Unanswered Questions of Big Data Christian Colen

Unanswered Questions of Big Data

share this

Integrating big data into public diplomacy is easier said than done. The ability to draw meaningful conclusions relies on being able to trust the data collected and the process by which it was created. If we dive a little deeper into the process of collecting big data, we find that there are numerous difficulties with assessing the reliability of big data. Here are some of the most pressing questions about using big data.


How do you ensure that the data collected represents a target audience?


Short answer? You can’t. Twitter, unfortunately, is not a science. Neither is Facebook, or any other social media. There’s no scientific requirement that the Twittersphere represent a perfect microcosm of the general population that will regularly tweet out their opinions on current events. In reality, internet participation and penetration rates are much higher in wealthier countries. We can’t assume that people on social media are necessarily representative.

Additionally, the substance of big data is comprised of tweets, posts, and other content. Personality traits, internet access, language barriers, and other factors may contribute to why a person chooses to participate in an online dialogue, and the confluence of those factors creates a selection bias. The only data available comes from people who have access to a social networking account, and feel strongly enough about an issue to tweet or post about it. That’s problematic when it comes to gathering data

But even if there were a way to ensure that every person in the world created social media accounts and regularly tweeted out their opinions, social networking sites often fall prey to confirmation biases. Put simply, social media users more often choose to follow and like pages that they agree with. For government agencies hoping to engage with a particular target audience, this is problematic. Any data gathered on Facebook pages is likely to skew positively, since it’s less likely to be seen by someone who is inclined to disagree with it. Even when using a paid ad, Facebook and Twitter use algorithms that purposefully show users content they’re likely to agree with. On Twitter if you see a promoted tweet that you dislike, you can request not to see any more of those kind of tweets. In most cases (marketing, primarily), that would be a positive, but when it comes to seeking the input of people who disagree with you, Facebook and Twitter algorithms are an additional hurdle.

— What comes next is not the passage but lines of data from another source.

definition ilim_module :: "('p::order, 'a, 'b) pmod \<Rightarrow> 'p set \<Rightarrow> ('a, 'p \<Rightarrow> 'b) module" where
  "ilim_module MF J = (case MF of (M, F) \<Rightarrow>
     \<lparr>carrier = {g \<in> Pi\<^sub>E J (\<lambda>x. carrier (M x)).
                  \<forall>x\<in>J. \<forall>y\<in>J. x \<le> y \<longrightarrow> F x y (g x) = g y},
      mult = (\<lambda>_ _. undefined), one = undefined,
      zero = (\<lambda>x\<in>J. \<zero>\<^bsub>M x\<^esub>),
      add = (\<lambda>g h. \<lambda>x\<in>J. g x \<oplus>\<^bsub>M x\<^esub> h x),
      smult = (\<lambda>c g. \<lambda>x\<in>J. c \<odot>\<^bsub>M x\<^esub> g x)\<rparr>)"

text \<open>\<underline>M_p = lim_{x \<gg> p} M_x, with the induced (restriction) maps.\<close>

definition lower_pmod :: "('p::order, 'a, 'b) pmod \<Rightarrow> ('p, 'a, 'p \<Rightarrow> 'b) pmod" where
  "lower_pmod MF =
     ((\<lambda>p. ilim_module MF {x. way_below p x}),
      (\<lambda>p q g. restrict g {x. way_below q x}))"

end

theory Submission
  imports Defs
begin

text \<open>
  Over a directed index set J, the direct limit of an indicator module k[I] is k when
  I \<inter> J is a nonempty up-set of J, since then each element of I \<inter> J carries its value
  unchanged to all later indices, and it is 0 when J - I is cofinal in J, since then every
  value is eventually sent to 0. Over J = {x. x \<ll> p} in a continuous poset, the first
  alternative holds for p in the Scott interior of an up-set U (resp. in the Scott closure of
  a down-set D) and the second for all other p; this rests on the sets {y. x \<ll> y} being
  Scott open, which is where interpolation enters. Dually, the inverse limit over the
  filtered set {x. p \<ll> x} is k or 0 according as I \<inter> J is a nonempty down-set of J or
  J - I is coinitial in J; in \<real>^n, where x \<ll> y means x < y componentwise, the first
  alternative holds exactly for p in the Euclidean closure of an up-set (resp. the interior
  of a down-set).
\<close>

lemma directed_upper_bound:
  assumes "directed D" "x \<in> D" "y \<in> D"
  obtains z where "z \<in> D" "x \<le> z" "y \<le> z"
  using assms unfolding directed_def by meson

Is there a way to measure the demographics of the people interacting with content?


As of right now, it’s pretty difficult. And without the context of the raw data, conclusions are substantially more difficult to draw.

On Twitter, for example, if you wanted to know the ages, genders, and country of origin of your followers, it would be nearly impossible to figure out. Given that a recent study found that approximately 15% of Twitter accounts were bots, information about the location of likes and tweets would be especially salient. Unlike Facebook profiles, which most often feature full names, previous work places, approximate location, and education history, Twitter users’ profiles usually reveal scant amounts of information. Even on Facebook, the process of going through and coding every user who liked a post for demographic information would be tedious and time consuming. As of yet, there is no computer program capable of doing this.


What conclusions can be drawn from big data measurements? And what conclusions can’t?


The answer to life the universe and everything unfortunately cannot be found hiding somewhere in big data.

The divide between the digital world and the real world necessarily limits the conclusions we can draw from big data information. Digital action doesn’t necessarily correspond to real world change. For example, a strong condemnation of a political event on Facebook that gets 500 likes may only result in one or two phone calls to elected officials. While it’s occasionally possible to retroactively draw a link between online activity and real world action, there is no way to guarantee that a tweet today will change the world tomorrow. Public diplomats should be careful to acknowledge the limitations of what digital data can tell them.

Big data can often reveal obvious trends, like “President Trump’s most recent tweet had 30,000 retweets,” or “The State Department Post about Jerusalem had more angry reactions than other posts.” But in order for those raw numbers to have meaning, they need context. Did people retweet because they agreed or because they disagreed with the tweet? If there are a lot of angry reactions, how can we clarify what exactly people are angry about? Measures like retweets and likes are disappointingly unspecific, and as of yet, there’s no foolproof way to fully interpret what they mean.

One area where big data can be valuable is in identifying overall trends. Again, the source of the information should be taken into account, but understanding differences and similarities across countries and regions can help public diplomats to craft and promote effective policies in different regions of the world. The value of big data lies not in the details and the minutia, but in its ability to identify patterns in extremely large sets of data.